[Collected data entries]
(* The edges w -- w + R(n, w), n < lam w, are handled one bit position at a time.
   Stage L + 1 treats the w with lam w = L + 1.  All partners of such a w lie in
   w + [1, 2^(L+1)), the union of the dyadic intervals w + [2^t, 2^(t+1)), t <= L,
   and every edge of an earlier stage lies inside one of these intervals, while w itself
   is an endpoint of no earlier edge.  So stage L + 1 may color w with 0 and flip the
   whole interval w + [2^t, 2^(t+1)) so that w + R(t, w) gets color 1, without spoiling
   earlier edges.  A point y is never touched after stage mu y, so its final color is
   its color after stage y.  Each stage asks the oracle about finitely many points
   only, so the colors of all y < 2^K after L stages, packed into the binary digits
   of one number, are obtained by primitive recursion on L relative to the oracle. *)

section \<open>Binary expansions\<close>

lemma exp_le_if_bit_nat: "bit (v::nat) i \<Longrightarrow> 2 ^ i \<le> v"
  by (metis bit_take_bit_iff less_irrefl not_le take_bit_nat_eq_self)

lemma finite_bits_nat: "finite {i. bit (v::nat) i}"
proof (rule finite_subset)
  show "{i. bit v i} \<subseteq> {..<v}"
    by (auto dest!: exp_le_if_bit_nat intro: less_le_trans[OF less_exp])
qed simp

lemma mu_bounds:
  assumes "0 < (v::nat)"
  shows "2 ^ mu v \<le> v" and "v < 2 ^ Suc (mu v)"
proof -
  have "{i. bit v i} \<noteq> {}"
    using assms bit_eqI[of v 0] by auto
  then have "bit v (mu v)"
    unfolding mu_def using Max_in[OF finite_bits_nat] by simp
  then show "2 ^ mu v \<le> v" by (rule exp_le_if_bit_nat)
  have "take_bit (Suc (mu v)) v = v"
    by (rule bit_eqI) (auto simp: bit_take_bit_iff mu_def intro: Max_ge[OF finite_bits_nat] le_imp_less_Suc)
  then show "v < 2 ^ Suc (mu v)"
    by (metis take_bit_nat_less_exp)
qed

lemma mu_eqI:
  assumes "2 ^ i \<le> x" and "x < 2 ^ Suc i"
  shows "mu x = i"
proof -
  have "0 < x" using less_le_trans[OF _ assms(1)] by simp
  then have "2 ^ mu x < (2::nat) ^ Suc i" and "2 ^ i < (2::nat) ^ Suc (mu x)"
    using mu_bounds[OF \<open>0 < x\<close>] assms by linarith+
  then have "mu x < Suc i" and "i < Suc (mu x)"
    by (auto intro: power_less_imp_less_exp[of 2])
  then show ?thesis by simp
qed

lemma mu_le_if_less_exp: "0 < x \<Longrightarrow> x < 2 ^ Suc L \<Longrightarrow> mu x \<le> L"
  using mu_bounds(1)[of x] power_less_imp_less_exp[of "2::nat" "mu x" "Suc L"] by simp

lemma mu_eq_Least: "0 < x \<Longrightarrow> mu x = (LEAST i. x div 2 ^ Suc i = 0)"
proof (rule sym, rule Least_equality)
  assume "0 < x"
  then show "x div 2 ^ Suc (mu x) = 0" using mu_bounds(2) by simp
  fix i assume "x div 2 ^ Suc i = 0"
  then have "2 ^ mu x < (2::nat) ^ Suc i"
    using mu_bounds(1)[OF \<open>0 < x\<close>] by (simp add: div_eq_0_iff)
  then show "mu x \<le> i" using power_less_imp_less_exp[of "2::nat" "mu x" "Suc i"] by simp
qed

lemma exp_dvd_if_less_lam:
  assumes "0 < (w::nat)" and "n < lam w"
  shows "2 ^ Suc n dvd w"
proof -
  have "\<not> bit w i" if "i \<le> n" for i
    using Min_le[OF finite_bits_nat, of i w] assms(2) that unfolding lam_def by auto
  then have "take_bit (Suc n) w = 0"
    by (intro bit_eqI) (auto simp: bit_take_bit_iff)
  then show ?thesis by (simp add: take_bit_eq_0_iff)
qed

---

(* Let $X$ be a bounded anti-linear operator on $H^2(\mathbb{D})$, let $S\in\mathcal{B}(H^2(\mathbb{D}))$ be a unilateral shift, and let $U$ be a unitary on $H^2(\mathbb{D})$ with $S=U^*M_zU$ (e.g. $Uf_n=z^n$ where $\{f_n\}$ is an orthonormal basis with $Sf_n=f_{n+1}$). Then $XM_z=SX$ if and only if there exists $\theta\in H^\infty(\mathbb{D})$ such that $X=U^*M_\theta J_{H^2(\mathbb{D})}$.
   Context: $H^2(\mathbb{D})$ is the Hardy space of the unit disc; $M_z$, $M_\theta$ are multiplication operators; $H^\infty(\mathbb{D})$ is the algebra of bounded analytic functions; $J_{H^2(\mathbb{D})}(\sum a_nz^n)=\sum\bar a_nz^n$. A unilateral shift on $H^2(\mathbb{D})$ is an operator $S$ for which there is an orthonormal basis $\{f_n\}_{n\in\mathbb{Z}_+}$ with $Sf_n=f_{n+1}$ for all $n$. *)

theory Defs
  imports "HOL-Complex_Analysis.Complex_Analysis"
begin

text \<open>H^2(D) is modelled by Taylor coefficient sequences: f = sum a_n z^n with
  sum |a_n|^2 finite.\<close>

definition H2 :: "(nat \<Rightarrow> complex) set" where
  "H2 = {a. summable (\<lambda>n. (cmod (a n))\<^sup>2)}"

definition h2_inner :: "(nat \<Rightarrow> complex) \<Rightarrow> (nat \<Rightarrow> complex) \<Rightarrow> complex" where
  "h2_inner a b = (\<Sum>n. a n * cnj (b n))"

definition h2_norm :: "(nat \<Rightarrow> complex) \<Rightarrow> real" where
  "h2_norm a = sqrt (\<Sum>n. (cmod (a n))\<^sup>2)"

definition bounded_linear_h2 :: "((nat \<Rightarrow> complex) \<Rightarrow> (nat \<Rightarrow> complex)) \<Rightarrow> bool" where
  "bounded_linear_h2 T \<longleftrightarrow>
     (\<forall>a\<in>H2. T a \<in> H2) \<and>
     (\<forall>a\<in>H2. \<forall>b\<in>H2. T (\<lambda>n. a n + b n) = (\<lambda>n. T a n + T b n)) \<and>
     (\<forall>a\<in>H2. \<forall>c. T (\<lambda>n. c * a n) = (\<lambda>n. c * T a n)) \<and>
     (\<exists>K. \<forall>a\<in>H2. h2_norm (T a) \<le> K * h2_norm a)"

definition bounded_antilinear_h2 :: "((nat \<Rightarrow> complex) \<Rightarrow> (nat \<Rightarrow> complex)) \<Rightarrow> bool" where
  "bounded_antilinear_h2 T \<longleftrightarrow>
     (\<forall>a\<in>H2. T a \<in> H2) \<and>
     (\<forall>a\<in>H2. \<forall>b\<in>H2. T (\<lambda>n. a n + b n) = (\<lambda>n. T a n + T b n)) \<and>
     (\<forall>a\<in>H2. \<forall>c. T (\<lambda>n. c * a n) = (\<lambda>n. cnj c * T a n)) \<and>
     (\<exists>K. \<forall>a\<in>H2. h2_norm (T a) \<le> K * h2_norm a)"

---

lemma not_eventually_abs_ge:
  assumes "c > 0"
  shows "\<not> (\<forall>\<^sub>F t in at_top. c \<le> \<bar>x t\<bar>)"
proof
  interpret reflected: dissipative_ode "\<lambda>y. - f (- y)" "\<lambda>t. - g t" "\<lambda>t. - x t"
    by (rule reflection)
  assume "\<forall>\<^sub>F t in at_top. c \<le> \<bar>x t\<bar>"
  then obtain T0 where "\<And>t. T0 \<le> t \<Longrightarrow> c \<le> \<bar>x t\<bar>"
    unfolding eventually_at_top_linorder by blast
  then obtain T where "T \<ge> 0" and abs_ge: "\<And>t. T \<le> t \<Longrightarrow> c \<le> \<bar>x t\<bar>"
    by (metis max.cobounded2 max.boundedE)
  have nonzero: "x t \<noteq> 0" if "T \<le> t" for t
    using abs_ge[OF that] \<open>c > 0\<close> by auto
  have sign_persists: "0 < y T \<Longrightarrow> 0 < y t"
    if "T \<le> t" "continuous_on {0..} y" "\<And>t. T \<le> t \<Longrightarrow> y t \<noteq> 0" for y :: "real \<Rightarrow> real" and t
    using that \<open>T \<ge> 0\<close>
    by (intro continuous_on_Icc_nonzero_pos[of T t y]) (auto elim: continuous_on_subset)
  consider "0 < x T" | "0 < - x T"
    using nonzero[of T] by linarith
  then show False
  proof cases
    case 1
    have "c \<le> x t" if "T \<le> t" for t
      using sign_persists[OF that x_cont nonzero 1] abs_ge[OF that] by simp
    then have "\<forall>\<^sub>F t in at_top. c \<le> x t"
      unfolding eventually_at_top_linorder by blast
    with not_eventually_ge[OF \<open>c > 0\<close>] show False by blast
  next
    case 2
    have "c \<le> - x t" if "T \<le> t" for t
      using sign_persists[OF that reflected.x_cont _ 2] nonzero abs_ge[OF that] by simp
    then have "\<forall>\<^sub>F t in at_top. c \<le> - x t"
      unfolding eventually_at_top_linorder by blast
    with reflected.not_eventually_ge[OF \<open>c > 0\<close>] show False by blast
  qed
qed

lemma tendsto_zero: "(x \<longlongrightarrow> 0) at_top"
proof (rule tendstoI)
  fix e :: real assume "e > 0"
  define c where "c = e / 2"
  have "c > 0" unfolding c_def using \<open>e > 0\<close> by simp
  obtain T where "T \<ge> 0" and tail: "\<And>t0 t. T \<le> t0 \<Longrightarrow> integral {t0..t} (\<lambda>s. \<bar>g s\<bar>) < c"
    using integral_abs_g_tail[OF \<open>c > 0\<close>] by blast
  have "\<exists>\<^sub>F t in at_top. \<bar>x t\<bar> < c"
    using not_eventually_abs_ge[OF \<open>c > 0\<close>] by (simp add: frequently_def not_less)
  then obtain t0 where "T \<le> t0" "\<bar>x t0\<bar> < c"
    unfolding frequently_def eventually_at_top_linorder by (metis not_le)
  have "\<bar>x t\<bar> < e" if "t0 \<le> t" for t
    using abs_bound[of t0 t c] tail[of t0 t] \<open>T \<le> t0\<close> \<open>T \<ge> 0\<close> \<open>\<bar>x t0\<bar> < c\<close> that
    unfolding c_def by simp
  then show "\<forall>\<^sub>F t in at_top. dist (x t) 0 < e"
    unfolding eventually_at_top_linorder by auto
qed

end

■ **Exercise aim**: Would you print exactly, and only, the lines of the data above from the line with "(* The edges" through the line with "proof (rule finite_subset)", inclusive?

■ **Expected answer**:
(* The edges w -- w + R(n, w), n < lam w, are handled one bit position at a time.
   Stage L + 1 treats the w with lam w = L + 1.  All partners of such a w lie in
   w + [1, 2^(L+1)), the union of the dyadic intervals w + [2^t, 2^(t+1)), t <= L,
   and every edge of an earlier stage lies inside one of these intervals, while w itself
   is an endpoint of no earlier edge.  So stage L + 1 may color w with 0 and flip the
   whole interval w + [2^t, 2^(t+1)) so that w + R(t, w) gets color 1, without spoiling
   earlier edges.  A point y is never touched after stage mu y, so its final color is
   its color after stage y.  Each stage asks the oracle about finitely many points
   only, so the colors of all y < 2^K after L stages, packed into the binary digits
   of one number, are obtained by primitive recursion on L relative to the oracle. *)

section \<open>Binary expansions\<close>

lemma exp_le_if_bit_nat: "bit (v::nat) i \<Longrightarrow> 2 ^ i \<le> v"
  by (metis bit_take_bit_iff less_irrefl not_le take_bit_nat_eq_self)

lemma finite_bits_nat: "finite {i. bit (v::nat) i}"
proof (rule finite_subset)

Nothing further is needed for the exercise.